>>>>
lemma direct_sum_del_ind:
  assumes D: "direct_sum E Ind A F" and F: "cl E Ind (F - {e}) = F"
  shows "direct_sum (E - {e}) (del_ind Ind e) ((\<lambda>G. G - {e}) ` A) (F - {e})"
  unfolding direct_sum_def
proof (intro conjI allI impI)
  have "flat (E - {e}) (del_ind Ind e) (G - {e})" if "G \<in> A" for G
    using direct_sum_cl_Diff[OF D F that] direct_sum_flat[OF D that]
    unfolding flat_del_ind_iff by (auto simp: flat_def)
  then show "(\<lambda>G. G - {e}) ` A \<subseteq> flats (E - {e}) (del_ind Ind e)"
    by (auto simp: flats_def)
  show "pairwise disjnt ((\<lambda>G. G - {e}) ` A)"
    using D by (intro disjoint_image_subset) (auto simp: direct_sum_def)
  show "\<Union>((\<lambda>G. G - {e}) ` A) = F - {e}"
    using direct_sum_Union[OF D] by blast
  fix X
  assume X: "X \<subseteq> F - {e}"
  then have X_e: "X - {e} = X" and X_G: "X \<inter> (G - {e}) - {e} = X \<inter> G" for G
    by blast+
  have "cl (E - {e}) (del_ind Ind e) X = cl E Ind X - {e}"
    by (simp add: cl_del_ind X_e)
  also have "\<dots> = (\<Union>G\<in>A. cl E Ind (X \<inter> G) - {e})"
    using direct_sum_cl_split[OF D] X by auto
  also have "\<dots> = (\<Union>G\<in>A. cl (E - {e}) (del_ind Ind e) (X \<inter> (G - {e})))"
    by (simp add: cl_del_ind X_G)
  finally show "cl (E - {e}) (del_ind Ind e) X =
      (\<Union>G\<in>(\<lambda>G. G - {e}) ` A. cl (E - {e}) (del_ind Ind e) (X \<inter> G))"
    by simp
qed

end

context simple_matroid
begin

lemma simple_matroid_del_ind: "simple_matroid (E - {e}) (del_ind Ind e)"
  using matroid_del_ind[OF matroid] simple_del_ind[OF simple]
  by (simp add: simple_matroid_def finite_matroid_def simple_matroid_axioms_def)
(* Let $n\ge1$ and $\mathbf{P}_A,\mathbf{P}_B,\mathbf{Q}_A,\mathbf{Q}_B\in\mathbb{R}^{n\times n}$ be symmetric positive definite. If $\mathbf{B}$ is a symmetric positive definite matrix such that $\mathcal{E}(\mathbf{B})$ tightly circumscribes $\mathcal{V}^*$, then there exists $\omega_1\in[0,1]$ such that $\mathbf{B}=\mathbf{B}_{\mathrm{SCI}}(\omega_1)$.
   Context: $\mathbf{C}_A=\mathbf{P}_A+\mathbf{Q}_A$, $\mathbf{C}_B=\mathbf{P}_B+\mathbf{Q}_B$. For $\omega\in[0,1]$, $\bar\omega=1-\omega$: $\mathbf{B}_{\mathrm{SCI}}(\omega)^{-1}=\omega(\mathbf{P}_A+\omega\mathbf{Q}_A)^{-1}+\bar\omega(\mathbf{P}_B+\bar\omega\mathbf{Q}_B)^{-1}$. $\mathcal{A}_{\mathrm{Split}}=\{\mathbf{M} : \begin{bmatrix}\mathbf{P}_A & \mathbf{M}\\ \mathbf{M}^\intercal & \mathbf{P}_B\end{bmatrix}\succeq 0\}$. $\mathbf{C}_F(\mathbf{K},\mathbf{P}_{AB})=\mathbf{K}_A\mathbf{C}_A\mathbf{K}_A^\intercal+\mathbf{K}_A\mathbf{P}_{AB}\mathbf{K}_B^\intercal+\mathbf{K}_B\mathbf{P}_{AB}^\intercal\mathbf{K}_A^\intercal+\mathbf{K}_B\mathbf{C}_B\mathbf{K}_B^\intercal$ for $\mathbf{K}=(\mathbf{K}_A,\mathbf{K}_B)$. For $\mathbf{P}_{AB}\in\mathcal{A}_{\mathrm{Split}}$: $\mathbf{R}=\mathbf{C}_A+\mathbf{C}_B-\mathbf{P}_{AB}-\mathbf{P}_{AB}^\intercal$, $\mathbf{K}_A^*=(\mathbf{C}_B-\mathbf{P}_{AB}^\intercal)\mathbf{R}^{-1}$, $\mathbf{C}_F^*(\mathbf{P}_{AB})=\mathbf{C}_F((\mathbf{K}_A^*,\mathbf{I}-\mathbf{K}_A^* ),\mathbf{P}_{AB})$. For symmetric positive definite $\mathbf{P}$, $\mathcal{E}(\mathbf{P})=\{\mathbf{x}:\mathbf{x}^\intercal\mathbf{P}^{-1}\mathbf{x}\le1\}$. $\mathcal{V}^*=\bigcup_{\mathbf{P}_{AB}\in\mathcal{A}_{\mathrm{Split}}}\mathcal{E}(\mathbf{C}_F^*(\mathbf{P}_{AB}))$. An ellipsoid $\mathcal{E}(\mathbf{P})$ tightly circumscribes $\mathcal{V}^*$ if $\mathcal{V}^*\subseteq\mathcal{E}(\mathbf{P})$ and for every symmetric positive definite $\mathbf{Q}$, $\mathcal{V}^*\subseteq\mathcal{E}(\mathbf{Q})\subseteq\mathcal{E}(\mathbf{P})$ implies $\mathbf{Q}=\mathbf{P}$. *)

theory Defs
  imports "HOL-Analysis.Analysis"
begin

definition sym_mat :: "real^'n^'n \<Rightarrow> bool" where
  "sym_mat A \<longleftrightarrow> transpose A = A"

definition spd :: "real^'n^'n \<Rightarrow> bool" where
  "spd A \<longleftrightarrow> sym_mat A \<and> (\<forall>x. x \<noteq> 0 \<longrightarrow> x \<bullet> (A *v x) > 0)"

text \<open>Block matrix [[PA, M],[M^T, PB]] is positive semidefinite: its quadratic
  form at the stacked vector (x,y) is nonnegative.\<close>
definition A_split :: "real^'n^'n \<Rightarrow> real^'n^'n \<Rightarrow> (real^'n^'n) set" where
  "A_split PA PB = {M. \<forall>x y. x \<bullet> (PA *v x) + x \<bullet> (M *v y) + y \<bullet> (transpose M *v x)
                              + y \<bullet> (PB *v y) \<ge> 0}"

definition B_SCI :: "real^'n^'n \<Rightarrow> real^'n^'n \<Rightarrow> real^'n^'n \<Rightarrow> real^'n^'n \<Rightarrow> real \<Rightarrow> real^'n^'n" where
  "B_SCI PA PB QA QB \<omega> = matrix_inv
     (\<omega> *\<^sub>R matrix_inv (PA + \<omega> *\<^sub>R QA) + (1 - \<omega>) *\<^sub>R matrix_inv (PB + (1 - \<omega>) *\<^sub>R QB))"

definition C_F :: "real^'n^'n \<Rightarrow> real^'n^'n \<Rightarrow> real^'n^'n \<Rightarrow> real^'n^'n \<Rightarrow> real^'n^'n \<Rightarrow> real^'n^'n" where
  "C_F CA CB KA KB PAB =
     KA ** CA ** transpose KA + KA ** PAB ** transpose KB
     + KB ** transpose PAB ** transpose KA + KB ** CB ** transpose KB"

definition C_F_opt :: "real^'n^'n \<Rightarrow> real^'n^'n \<Rightarrow> real^'n^'n \<Rightarrow> real^'n^'n \<Rightarrow> real^'n^'n \<Rightarrow> real^'n^'n" where
  "C_F_opt PA PB QA QB PAB =
     (let CA = PA + QA; CB = PB + QB;
          R = CA + CB - PAB - transpose PAB;
          KA = (CB - transpose PAB) ** matrix_inv R
      in C_F CA CB KA (mat 1 - KA) PAB)"

definition ellipsoid :: "real^'n^'n \<Rightarrow> (real^'n) set" where
  "ellipsoid P = {x. x \<bullet> (matrix_inv P *v x) \<le> 1}"

definition V_star :: "real^'n^'n \<Rightarrow> real^'n^'n \<Rightarrow> real^'n^'n \<Rightarrow> real^'n^'n \<Rightarrow> (real^'n) set" where
  "V_star PA PB QA QB = (\<Union>PAB \<in> A_split PA PB. ellipsoid (C_F_opt PA PB QA QB PAB))"

definition tightly_circumscribes :: "real^'n^'n \<Rightarrow> (real^'n) set \<Rightarrow> bool" where
  "tightly_circumscribes P V \<longleftrightarrow> V \<subseteq> ellipsoid P \<and>
     (\<forall>Q. spd Q \<longrightarrow> V \<subseteq> ellipsoid Q \<longrightarrow> ellipsoid Q \<subseteq> ellipsoid P \<longrightarrow> Q = P)"

end

theory Submission
  imports Defs
begin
<<<<
TASK ITEM
Please return each line of the data above in which the word "longleftrightarrow" occurs.

ANSWER SECTION
  "sym_mat A \<longleftrightarrow> transpose A = A"
  "spd A \<longleftrightarrow> sym_mat A \<and> (\<forall>x. x \<noteq> 0 \<longrightarrow> x \<bullet> (A *v x) > 0)"
  "tightly_circumscribes P V \<longleftrightarrow> V \<subseteq> ellipsoid P \<and>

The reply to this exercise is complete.